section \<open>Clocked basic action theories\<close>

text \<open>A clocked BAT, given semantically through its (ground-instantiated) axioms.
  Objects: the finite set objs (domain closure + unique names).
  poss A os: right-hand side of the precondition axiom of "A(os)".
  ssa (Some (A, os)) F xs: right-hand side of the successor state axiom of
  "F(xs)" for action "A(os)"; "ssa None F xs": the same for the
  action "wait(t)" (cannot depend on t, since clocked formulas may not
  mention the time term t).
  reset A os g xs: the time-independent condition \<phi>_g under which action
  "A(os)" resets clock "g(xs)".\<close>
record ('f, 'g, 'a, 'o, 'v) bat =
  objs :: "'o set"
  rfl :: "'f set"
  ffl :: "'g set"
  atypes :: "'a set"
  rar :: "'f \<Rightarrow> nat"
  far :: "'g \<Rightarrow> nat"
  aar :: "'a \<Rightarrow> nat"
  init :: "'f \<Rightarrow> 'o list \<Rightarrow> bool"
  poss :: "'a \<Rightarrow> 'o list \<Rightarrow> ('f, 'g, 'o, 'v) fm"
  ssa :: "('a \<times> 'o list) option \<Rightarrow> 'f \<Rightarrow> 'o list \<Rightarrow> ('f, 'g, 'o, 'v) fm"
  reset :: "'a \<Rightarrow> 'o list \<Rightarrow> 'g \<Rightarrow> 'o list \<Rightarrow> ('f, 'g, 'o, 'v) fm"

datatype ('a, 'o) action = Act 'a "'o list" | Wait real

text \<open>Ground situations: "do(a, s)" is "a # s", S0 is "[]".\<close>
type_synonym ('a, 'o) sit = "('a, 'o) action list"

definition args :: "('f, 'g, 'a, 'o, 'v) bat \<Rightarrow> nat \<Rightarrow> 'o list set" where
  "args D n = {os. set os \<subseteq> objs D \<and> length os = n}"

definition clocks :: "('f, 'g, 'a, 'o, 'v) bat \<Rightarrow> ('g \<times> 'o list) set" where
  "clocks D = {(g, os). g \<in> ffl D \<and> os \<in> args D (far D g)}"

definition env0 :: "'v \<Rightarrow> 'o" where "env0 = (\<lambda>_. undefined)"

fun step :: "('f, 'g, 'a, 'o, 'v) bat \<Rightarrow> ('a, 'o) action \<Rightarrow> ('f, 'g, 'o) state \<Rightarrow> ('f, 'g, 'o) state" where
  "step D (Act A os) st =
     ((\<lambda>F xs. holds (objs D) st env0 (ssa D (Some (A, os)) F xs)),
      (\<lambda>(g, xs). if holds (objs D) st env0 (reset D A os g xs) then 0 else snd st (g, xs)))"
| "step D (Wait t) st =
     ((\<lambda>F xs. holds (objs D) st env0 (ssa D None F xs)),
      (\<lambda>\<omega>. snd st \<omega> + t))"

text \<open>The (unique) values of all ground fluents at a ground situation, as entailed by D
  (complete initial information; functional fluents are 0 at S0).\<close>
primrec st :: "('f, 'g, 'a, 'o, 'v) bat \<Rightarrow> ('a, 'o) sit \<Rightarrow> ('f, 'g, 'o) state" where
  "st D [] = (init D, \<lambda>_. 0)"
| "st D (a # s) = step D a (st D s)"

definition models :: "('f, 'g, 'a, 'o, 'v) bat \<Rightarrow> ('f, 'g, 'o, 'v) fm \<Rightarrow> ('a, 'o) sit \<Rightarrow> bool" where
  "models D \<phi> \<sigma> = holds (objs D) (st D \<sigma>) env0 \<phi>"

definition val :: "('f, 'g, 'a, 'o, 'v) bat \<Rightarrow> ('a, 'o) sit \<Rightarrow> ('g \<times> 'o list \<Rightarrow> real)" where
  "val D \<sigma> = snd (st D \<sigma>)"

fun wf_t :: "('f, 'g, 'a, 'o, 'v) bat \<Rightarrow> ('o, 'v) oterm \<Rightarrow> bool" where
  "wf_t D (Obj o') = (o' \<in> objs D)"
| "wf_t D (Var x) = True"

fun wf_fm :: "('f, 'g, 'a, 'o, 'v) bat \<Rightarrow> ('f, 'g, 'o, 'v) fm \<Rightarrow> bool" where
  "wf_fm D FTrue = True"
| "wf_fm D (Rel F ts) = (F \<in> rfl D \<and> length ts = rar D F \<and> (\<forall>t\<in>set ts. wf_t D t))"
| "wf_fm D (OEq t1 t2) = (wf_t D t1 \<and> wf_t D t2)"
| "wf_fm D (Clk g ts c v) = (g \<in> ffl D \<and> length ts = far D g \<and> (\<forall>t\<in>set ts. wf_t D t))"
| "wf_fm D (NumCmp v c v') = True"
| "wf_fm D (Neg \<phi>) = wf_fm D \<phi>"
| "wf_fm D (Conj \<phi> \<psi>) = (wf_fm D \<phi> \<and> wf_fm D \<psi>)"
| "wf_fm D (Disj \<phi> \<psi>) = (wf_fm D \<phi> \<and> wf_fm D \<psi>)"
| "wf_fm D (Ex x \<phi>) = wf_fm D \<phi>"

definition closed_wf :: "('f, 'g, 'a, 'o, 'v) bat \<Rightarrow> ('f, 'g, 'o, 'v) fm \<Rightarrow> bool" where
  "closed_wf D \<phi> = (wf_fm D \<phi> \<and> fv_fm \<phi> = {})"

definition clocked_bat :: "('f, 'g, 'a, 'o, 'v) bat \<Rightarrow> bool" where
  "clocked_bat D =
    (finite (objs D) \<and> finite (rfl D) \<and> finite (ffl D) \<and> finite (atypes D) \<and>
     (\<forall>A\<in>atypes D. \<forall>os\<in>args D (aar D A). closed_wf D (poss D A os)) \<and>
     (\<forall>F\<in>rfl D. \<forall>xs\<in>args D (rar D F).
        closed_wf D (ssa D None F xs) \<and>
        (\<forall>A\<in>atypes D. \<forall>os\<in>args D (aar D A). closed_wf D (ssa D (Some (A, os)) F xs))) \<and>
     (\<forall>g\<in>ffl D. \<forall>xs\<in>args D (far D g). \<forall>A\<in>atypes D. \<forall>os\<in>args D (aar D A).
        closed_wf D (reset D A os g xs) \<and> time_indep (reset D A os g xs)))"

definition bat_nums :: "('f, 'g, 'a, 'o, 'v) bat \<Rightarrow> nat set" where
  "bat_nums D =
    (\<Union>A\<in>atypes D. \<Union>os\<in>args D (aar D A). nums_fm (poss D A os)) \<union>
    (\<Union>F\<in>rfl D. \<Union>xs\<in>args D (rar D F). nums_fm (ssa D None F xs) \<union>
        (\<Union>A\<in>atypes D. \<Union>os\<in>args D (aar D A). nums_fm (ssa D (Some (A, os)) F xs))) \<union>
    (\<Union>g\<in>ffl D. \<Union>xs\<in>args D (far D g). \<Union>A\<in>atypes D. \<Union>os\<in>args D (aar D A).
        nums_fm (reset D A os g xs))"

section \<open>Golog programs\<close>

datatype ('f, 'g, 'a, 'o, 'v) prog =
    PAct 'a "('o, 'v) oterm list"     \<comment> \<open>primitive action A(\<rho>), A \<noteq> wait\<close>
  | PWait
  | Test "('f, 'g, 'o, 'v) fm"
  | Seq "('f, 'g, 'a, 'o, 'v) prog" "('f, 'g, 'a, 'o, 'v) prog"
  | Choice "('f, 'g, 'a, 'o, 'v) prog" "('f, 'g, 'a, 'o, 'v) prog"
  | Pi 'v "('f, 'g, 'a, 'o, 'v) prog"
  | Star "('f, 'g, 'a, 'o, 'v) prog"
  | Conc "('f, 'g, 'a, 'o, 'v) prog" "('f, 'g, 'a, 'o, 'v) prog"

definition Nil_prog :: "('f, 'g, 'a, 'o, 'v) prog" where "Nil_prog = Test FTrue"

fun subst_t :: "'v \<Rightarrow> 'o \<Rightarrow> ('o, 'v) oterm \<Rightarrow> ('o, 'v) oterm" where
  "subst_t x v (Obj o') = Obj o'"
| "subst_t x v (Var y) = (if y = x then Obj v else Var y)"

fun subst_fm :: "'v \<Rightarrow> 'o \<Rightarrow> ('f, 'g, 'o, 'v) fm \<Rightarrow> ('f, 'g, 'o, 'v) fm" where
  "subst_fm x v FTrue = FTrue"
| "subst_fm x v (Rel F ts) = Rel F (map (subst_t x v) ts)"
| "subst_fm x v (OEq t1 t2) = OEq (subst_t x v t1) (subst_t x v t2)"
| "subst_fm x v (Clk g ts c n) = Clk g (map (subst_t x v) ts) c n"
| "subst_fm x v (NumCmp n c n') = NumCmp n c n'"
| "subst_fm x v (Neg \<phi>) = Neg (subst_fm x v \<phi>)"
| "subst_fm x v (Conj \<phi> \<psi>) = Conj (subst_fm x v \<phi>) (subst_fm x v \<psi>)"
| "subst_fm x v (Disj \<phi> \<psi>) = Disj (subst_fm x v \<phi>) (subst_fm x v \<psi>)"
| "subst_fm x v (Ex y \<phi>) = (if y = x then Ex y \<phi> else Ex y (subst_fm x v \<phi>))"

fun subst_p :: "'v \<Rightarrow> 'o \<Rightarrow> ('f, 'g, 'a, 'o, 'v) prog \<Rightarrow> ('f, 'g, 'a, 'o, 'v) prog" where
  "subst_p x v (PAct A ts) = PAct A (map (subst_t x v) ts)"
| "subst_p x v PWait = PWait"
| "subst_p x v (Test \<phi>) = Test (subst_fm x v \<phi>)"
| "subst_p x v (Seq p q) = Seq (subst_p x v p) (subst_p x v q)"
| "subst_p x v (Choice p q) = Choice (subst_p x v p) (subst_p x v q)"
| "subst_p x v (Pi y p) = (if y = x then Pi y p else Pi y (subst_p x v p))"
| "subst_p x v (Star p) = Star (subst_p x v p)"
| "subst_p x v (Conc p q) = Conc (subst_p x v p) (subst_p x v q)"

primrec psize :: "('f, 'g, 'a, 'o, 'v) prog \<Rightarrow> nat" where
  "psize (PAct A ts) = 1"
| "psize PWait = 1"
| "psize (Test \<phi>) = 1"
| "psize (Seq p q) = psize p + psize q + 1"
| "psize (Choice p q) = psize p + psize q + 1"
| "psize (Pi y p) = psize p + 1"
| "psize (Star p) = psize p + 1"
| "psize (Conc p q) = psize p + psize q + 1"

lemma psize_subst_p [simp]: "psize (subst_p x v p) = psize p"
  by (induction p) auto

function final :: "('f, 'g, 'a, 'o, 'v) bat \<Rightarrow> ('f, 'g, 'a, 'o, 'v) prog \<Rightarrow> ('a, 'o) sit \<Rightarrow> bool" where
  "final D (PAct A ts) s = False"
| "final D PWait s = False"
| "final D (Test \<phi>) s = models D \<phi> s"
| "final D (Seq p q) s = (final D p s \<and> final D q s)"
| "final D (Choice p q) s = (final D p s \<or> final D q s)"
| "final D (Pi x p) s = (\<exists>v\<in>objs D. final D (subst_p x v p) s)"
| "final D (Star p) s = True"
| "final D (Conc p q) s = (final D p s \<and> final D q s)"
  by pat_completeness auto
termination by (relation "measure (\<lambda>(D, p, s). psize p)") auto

⁂

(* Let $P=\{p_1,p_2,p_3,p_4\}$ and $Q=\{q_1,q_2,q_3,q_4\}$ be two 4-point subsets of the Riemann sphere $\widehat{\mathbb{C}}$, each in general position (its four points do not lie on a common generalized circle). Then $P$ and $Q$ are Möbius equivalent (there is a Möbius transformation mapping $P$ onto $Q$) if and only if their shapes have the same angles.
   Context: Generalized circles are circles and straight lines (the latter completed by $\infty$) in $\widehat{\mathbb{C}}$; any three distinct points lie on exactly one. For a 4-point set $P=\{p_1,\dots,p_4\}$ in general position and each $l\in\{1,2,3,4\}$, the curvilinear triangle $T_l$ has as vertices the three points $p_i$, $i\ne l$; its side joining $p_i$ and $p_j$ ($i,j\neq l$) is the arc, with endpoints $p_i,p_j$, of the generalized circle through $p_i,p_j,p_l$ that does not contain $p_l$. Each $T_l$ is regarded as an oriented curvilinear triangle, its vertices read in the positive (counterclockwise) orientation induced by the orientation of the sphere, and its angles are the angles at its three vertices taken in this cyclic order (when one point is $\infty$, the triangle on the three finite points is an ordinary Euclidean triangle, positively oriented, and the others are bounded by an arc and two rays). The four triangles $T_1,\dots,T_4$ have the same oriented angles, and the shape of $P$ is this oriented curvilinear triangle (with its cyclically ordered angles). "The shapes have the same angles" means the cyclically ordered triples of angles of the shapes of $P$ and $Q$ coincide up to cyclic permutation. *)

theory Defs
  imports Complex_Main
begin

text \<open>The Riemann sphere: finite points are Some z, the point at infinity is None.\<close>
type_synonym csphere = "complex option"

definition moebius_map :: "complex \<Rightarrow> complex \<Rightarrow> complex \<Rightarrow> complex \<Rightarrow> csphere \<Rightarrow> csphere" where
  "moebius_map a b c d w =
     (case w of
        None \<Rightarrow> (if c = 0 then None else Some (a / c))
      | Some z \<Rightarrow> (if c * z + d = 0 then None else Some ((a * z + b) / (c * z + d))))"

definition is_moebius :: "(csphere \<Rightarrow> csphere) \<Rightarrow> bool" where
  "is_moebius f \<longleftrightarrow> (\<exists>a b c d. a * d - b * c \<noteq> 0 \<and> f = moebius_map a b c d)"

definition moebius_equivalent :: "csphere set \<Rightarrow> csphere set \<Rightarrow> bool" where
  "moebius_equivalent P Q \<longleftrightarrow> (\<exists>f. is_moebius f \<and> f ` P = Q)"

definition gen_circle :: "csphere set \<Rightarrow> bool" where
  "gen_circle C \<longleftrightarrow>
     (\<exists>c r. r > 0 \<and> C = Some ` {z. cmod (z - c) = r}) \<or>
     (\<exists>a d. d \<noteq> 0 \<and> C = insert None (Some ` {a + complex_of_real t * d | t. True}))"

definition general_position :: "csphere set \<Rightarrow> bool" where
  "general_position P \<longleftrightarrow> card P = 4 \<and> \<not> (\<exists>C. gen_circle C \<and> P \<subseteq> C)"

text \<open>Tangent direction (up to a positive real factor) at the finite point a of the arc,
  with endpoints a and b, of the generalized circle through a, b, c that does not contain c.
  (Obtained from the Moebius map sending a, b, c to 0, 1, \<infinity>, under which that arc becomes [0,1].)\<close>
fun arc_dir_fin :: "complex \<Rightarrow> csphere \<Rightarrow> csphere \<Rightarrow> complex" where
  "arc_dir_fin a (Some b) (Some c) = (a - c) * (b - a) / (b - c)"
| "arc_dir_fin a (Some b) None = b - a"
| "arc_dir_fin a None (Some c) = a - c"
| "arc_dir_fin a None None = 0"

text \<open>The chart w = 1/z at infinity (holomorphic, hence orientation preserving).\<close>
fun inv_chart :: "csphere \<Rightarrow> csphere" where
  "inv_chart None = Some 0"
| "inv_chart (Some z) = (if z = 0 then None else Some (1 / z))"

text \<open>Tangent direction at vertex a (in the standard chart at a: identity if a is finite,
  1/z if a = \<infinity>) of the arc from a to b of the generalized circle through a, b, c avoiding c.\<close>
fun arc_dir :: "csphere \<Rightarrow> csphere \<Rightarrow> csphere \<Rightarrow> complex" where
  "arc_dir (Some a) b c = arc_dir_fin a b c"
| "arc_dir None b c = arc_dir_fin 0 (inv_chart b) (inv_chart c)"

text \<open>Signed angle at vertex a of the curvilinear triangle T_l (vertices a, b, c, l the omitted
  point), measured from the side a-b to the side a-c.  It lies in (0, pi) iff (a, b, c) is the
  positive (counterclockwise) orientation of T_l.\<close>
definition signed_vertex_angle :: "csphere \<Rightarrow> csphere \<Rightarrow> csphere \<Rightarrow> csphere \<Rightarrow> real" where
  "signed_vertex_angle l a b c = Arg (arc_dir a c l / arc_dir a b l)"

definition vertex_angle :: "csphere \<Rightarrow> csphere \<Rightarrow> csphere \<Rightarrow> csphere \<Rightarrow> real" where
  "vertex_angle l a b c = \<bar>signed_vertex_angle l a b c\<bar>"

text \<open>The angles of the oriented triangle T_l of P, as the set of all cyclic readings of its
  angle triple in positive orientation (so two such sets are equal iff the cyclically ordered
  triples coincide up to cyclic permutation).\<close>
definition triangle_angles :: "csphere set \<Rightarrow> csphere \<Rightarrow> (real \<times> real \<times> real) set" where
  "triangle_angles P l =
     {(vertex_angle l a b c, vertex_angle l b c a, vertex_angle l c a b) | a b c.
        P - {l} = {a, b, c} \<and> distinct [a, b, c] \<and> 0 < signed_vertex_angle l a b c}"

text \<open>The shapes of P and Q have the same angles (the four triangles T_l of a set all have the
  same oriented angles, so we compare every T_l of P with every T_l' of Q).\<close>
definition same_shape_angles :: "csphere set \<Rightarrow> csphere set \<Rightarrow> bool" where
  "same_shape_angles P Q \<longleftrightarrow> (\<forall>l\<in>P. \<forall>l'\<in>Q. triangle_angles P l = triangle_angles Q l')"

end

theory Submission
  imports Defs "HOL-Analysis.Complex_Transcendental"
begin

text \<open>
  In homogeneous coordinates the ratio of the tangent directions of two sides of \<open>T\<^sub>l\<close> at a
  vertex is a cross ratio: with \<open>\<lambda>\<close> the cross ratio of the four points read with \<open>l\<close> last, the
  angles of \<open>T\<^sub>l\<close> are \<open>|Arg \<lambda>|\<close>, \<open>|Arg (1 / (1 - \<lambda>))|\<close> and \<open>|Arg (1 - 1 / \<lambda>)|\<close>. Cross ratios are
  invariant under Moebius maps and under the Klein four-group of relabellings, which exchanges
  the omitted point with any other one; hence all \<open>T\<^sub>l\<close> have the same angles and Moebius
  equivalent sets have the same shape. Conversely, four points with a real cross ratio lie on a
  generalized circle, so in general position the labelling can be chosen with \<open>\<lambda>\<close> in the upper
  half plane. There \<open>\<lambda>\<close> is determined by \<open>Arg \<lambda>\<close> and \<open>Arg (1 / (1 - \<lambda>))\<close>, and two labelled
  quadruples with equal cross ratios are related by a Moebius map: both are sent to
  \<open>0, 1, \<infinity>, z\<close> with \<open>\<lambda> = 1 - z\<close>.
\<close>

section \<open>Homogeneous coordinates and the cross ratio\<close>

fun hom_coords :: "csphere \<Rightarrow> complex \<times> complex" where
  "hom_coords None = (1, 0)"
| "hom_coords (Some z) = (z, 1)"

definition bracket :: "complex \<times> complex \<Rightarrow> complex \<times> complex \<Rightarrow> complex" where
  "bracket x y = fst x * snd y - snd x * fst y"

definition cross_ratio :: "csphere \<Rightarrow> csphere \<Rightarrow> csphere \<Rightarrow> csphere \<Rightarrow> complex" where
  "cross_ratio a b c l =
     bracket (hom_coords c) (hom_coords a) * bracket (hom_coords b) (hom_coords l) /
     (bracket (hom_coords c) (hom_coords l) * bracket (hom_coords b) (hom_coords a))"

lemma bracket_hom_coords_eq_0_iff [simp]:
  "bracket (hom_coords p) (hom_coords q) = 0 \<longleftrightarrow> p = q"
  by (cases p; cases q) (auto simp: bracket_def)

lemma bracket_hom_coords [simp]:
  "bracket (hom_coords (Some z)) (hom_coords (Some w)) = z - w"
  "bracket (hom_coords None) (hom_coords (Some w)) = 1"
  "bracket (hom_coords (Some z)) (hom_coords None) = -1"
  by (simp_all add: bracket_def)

⁂

AIM OF THE TASK
Wherever the string "step" appears in a line of the records, copy that line.

RESPONSE FOR THIS EXERCISE
fun step :: "('f, 'g, 'a, 'o, 'v) bat \<Rightarrow> ('a, 'o) action \<Rightarrow> ('f, 'g, 'o) state \<Rightarrow> ('f, 'g, 'o) state" where
  "step D (Act A os) st =
| "step D (Wait t) st =
| "st D (a # s) = step D a (st D s)"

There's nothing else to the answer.